● **EXERCISE PROMPT**
Word-for-word transcription is needed for all of the entries.

- Opening Delimiter -

(* The set of all sampled networks with one hidden layer of arbitrary width and activation function $\tanh$ is dense in $C(\mathcal{X},\mathbb{R}^{N_2})$ with respect to the uniform norm on $\mathcal{X}$.
   Context: Input space: Euclidean norm and inner product on $\mathbb{R}^D$. For $A\subseteq\mathbb{R}^D$ let $d(z,A)=\inf_{a\in A}\|z-a\|$, $\mathrm{Med}(A)=\{z:\exists p\neq q\in A,\ \|p-z\|=\|q-z\|=d(z,A)\}$, reach $\tau_A=\inf_{a\in A}d(a,\mathrm{Med}(A))$. Let $\mathcal{X}'\subset\mathbb{R}^D$ be nonempty compact with $\tau_{\mathcal{X}'}>0$, fix $0<\epsilon_I<\min\{\tau_{\mathcal{X}'},1\}$, and $\mathcal{X}=\{x:d(x,\mathcal{X}')\le\epsilon_I\}$. With $\psi=\tanh$, $s_2=\frac{\ln3}{2}$, $s_1=2s_2$, a sampled tanh network with one hidden layer of $N_1$ neurons is $\Psi(x)=\sum_{i=1}^{N_1}w_{2,i}\psi(\langle w_{1,i},x\rangle-b_{1,i})-b_2$ where for each $i$ there are distinct $x^{(1)}_{0,i},x^{(2)}_{0,i}\in\mathcal{X}$ with $w_{1,i}=s_1\frac{x^{(2)}_{0,i}-x^{(1)}_{0,i}}{\|x^{(2)}_{0,i}-x^{(1)}_{0,i}\|^2}$ and $b_{1,i}=\langle w_{1,i},x^{(1)}_{0,i}\rangle+s_2$; the output parameters $w_{2,i},b_2\in\mathbb{R}^{N_2}$ are unrestricted. *)

theory Defs
  imports "HOL-Analysis.Analysis"
begin

text \<open>Distance from a point to a set, with the convention that the infimum over the
  empty set is +infinity (needed so that sets with empty medial axis have infinite reach).\<close>
definition edist_set :: "'a::metric_space \<Rightarrow> 'a set \<Rightarrow> ereal" where
  "edist_set z A = (INF a\<in>A. ereal (dist z a))"

definition medial_axis :: "'a::metric_space set \<Rightarrow> 'a set" where
  "medial_axis A = {z. \<exists>p\<in>A. \<exists>q\<in>A. p \<noteq> q \<and>
      ereal (dist p z) = edist_set z A \<and> ereal (dist q z) = edist_set z A}"

definition reach :: "'a::metric_space set \<Rightarrow> ereal" where
  "reach A = (INF a\<in>A. edist_set a (medial_axis A))"

definition s2 :: real where "s2 = ln 3 / 2"
definition s1 :: real where "s1 = 2 * s2"

definition sampled_weight :: "'a::euclidean_space \<Rightarrow> 'a \<Rightarrow> 'a" where
  "sampled_weight x1 x2 = (s1 / (norm (x2 - x1))^2) *\<^sub>R (x2 - x1)"

definition sampled_bias :: "'a::euclidean_space \<Rightarrow> 'a \<Rightarrow> real" where
  "sampled_bias x1 x2 = inner (sampled_weight x1 x2) x1 + s2"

- Closing Delimiter -

● **TASK RESULT**
(* The set of all sampled networks with one hidden layer of arbitrary width and activation function $\tanh$ is dense in $C(\mathcal{X},\mathbb{R}^{N_2})$ with respect to the uniform norm on $\mathcal{X}$.
   Context: Input space: Euclidean norm and inner product on $\mathbb{R}^D$. For $A\subseteq\mathbb{R}^D$ let $d(z,A)=\inf_{a\in A}\|z-a\|$, $\mathrm{Med}(A)=\{z:\exists p\neq q\in A,\ \|p-z\|=\|q-z\|=d(z,A)\}$, reach $\tau_A=\inf_{a\in A}d(a,\mathrm{Med}(A))$. Let $\mathcal{X}'\subset\mathbb{R}^D$ be nonempty compact with $\tau_{\mathcal{X}'}>0$, fix $0<\epsilon_I<\min\{\tau_{\mathcal{X}'},1\}$, and $\mathcal{X}=\{x:d(x,\mathcal{X}')\le\epsilon_I\}$. With $\psi=\tanh$, $s_2=\frac{\ln3}{2}$, $s_1=2s_2$, a sampled tanh network with one hidden layer of $N_1$ neurons is $\Psi(x)=\sum_{i=1}^{N_1}w_{2,i}\psi(\langle w_{1,i},x\rangle-b_{1,i})-b_2$ where for each $i$ there are distinct $x^{(1)}_{0,i},x^{(2)}_{0,i}\in\mathcal{X}$ with $w_{1,i}=s_1\frac{x^{(2)}_{0,i}-x^{(1)}_{0,i}}{\|x^{(2)}_{0,i}-x^{(1)}_{0,i}\|^2}$ and $b_{1,i}=\langle w_{1,i},x^{(1)}_{0,i}\rangle+s_2$; the output parameters $w_{2,i},b_2\in\mathbb{R}^{N_2}$ are unrestricted. *)

theory Defs
  imports "HOL-Analysis.Analysis"
begin

text \<open>Distance from a point to a set, with the convention that the infimum over the
  empty set is +infinity (needed so that sets with empty medial axis have infinite reach).\<close>
definition edist_set :: "'a::metric_space \<Rightarrow> 'a set \<Rightarrow> ereal" where
  "edist_set z A = (INF a\<in>A. ereal (dist z a))"

definition medial_axis :: "'a::metric_space set \<Rightarrow> 'a set" where
  "medial_axis A = {z. \<exists>p\<in>A. \<exists>q\<in>A. p \<noteq> q \<and>
      ereal (dist p z) = edist_set z A \<and> ereal (dist q z) = edist_set z A}"

definition reach :: "'a::metric_space set \<Rightarrow> ereal" where
  "reach A = (INF a\<in>A. edist_set a (medial_axis A))"

definition s2 :: real where "s2 = ln 3 / 2"
definition s1 :: real where "s1 = 2 * s2"

definition sampled_weight :: "'a::euclidean_space \<Rightarrow> 'a \<Rightarrow> 'a" where
  "sampled_weight x1 x2 = (s1 / (norm (x2 - x1))^2) *\<^sub>R (x2 - x1)"

definition sampled_bias :: "'a::euclidean_space \<Rightarrow> 'a \<Rightarrow> real" where
  "sampled_bias x1 x2 = inner (sampled_weight x1 x2) x1 + s2"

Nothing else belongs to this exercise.